Nelson Encarnación
La República de Haití se ha debatido siempre en medio de crisis en todos los sentidos, esencialmente económica y social, dada la incapacidad de sus dirigentes para adoptar políticas que le permitan desenvolverse dentro de la normalidad relativa de otras naciones de un estadio igual o parecido.

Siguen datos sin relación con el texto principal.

lemma filter_adversary_rr_reveal: "filter_adversary (ln 3) (3/8) rr_P rr_Q second_P second_Q"
  unfolding filter_adversary_def
proof (intro conjI allI)
  show "pld_in_LED rr_P rr_Q"
    using pld_is_ED_rr unfolding pld_in_LED_def by blast
  show "pld_le rr_P rr_Q (f_ED (ln 3) (3/8))"
    by (intro pld_le_f_ED_if_indist indist_mono[OF indist_rr]) simp
  fix y
  show "pld_in_LED (second_P y) (second_Q y)"
    using pld_is_ED_rr pld_is_ED_reveal unfolding pld_in_LED_def second_P_def second_Q_def by auto
  show "pld_le (pair_pmf rr_P (second_P y)) (pair_pmf rr_Q (second_Q y)) (f_ED (ln 3) (3/8))"
    by (intro pld_le_f_ED_if_indist indist_if_hockey_stick_le[where A="{0,1}\<times>{0,1,2}"])
      (auto simp: second_P_def second_Q_def pmf_pair pmf_rr_P pmf_rr_Q pmf_reveal_P pmf_reveal_Q
        sum.cartesian_product[symmetric] split: if_splits)
qed

lemma not_pld_le_adaptive_comp_rr_reveal:
  "\<not> pld_le (adaptive_comp rr_P second_P) (adaptive_comp rr_Q second_Q) (f_ED (ln 3) (3/8))"
proof
  let ?P = "adaptive_comp rr_P second_P" and ?Q = "adaptive_comp rr_Q second_Q"
  let ?\<phi> = "\<lambda>(a::nat, b::nat). if b = 0 then 0 else 1 :: real"
  have type1: "measure_pmf.expectation ?P ?\<phi> = 11/32"
    by (subst expectation_finite_support[where A="{0,1}\<times>{0,1}"])
      (auto simp: pmf_adaptive_comp pmf_rr_P pmf_reveal_P second_P_def split: if_splits)
  have type2: "1 - measure_pmf.expectation ?Q ?\<phi> = 1/16"
    by (subst expectation_finite_support[where A="{0,1}\<times>{0,1,2}"])
      (auto simp: pmf_adaptive_comp pmf_rr_Q pmf_reveal_Q second_Q_def split: if_splits)
  assume "pld_le ?P ?Q (f_ED (ln 3) (3/8))"
  then have "f_ED (ln 3) (3/8) (11/32) \<le> tradeoff ?P ?Q (11/32)"
    unfolding pld_le_def by simp
  also have "\<dots> \<le> 1/16"
    using tradeoff_le_test[of ?\<phi> ?P "11/32" ?Q] type1 type2 by auto
  finally show False
    by (simp add: f_ED_ln_3)
qed

theorem corollary5p3:
  shows "\<exists>\<epsilon> \<delta>::real. 0 \<le> \<epsilon> \<and> 0 \<le> \<delta> \<and> \<delta> \<le> 1 \<and> \<not> natural_filter_free_ED2 \<epsilon> \<delta>"
proof (intro exI conjI)
  show "\<not> natural_filter_free_ED2 (ln 3) (3/8)"
    unfolding natural_filter_free_ED2_def
    using filter_adversary_rr_reveal not_pld_le_adaptive_comp_rr_reveal by blast
qed auto

end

En el contexto de crisis se seguridad que vive actualmente Haití se hace necesario enfocar el origen de esta última etapa de la tragedia en un hecho que pocos refieren o casi nadie recuerda, a pesar de ser relativamente reciente.
Nos referimos a la supresión del Ejército, el cual, junto con la Iglesia católica, se erigía como la única institución sólida que tenía este país, y que era un garante de la seguridad, sin importar que de por medio estuvieran el contrabando y otras acciones al margen de la ley.
La institución castrense fue abolida en la década de 1990 como parte de un razonamiento poco sólido, como fue terminar con los golpes de Estado que nacían de conspiraciones sucesivas encabezadas por generales del Ejército.
Esta “solución” fue ideada en Washington y aplicada sin más análisis que una conclusión emocional que se asemeja a buscar la fiebre en la sábana.
En este caso concreto, terminaron con la fiebre, pero al mismo tiempo mataron al paciente que la padecía.
Es decir, se terminaron los golpes de Estado dirigidos por generales, pero concomitantemente se deterioró la seguridad hasta escalar a los niveles insalvables a que ha llegado, y cuya reposición no se puede lograr si no es bajo un inmenso baño de sangre.
Los ideólogos de la abolición del Ejército haitiano están todos tranquilos en sus casas o fallecieron en la paz del Señor, mientras miles de haitianos sufren las consecuencias de la falta de una institución que les garantice la seguridad—posiblemente precaria—pero la única que conocían luego de la férrea doctrina de “ley y orden” que aplicaba la dictadura de los Duvalier, como todas las tiranías.
El caso es que, por el camino que sigue Haití, no parece probable que ninguno de los ensayos aplicados allí pueda hacer viable una solución duradera, ni siquiera con una intervención militar que, dicho como recordatorio oportuno, no ha resuelto los problemas de ningún territorio que haya sido ocupado. Esta tragedia haitiana parece pautada para ser eterna.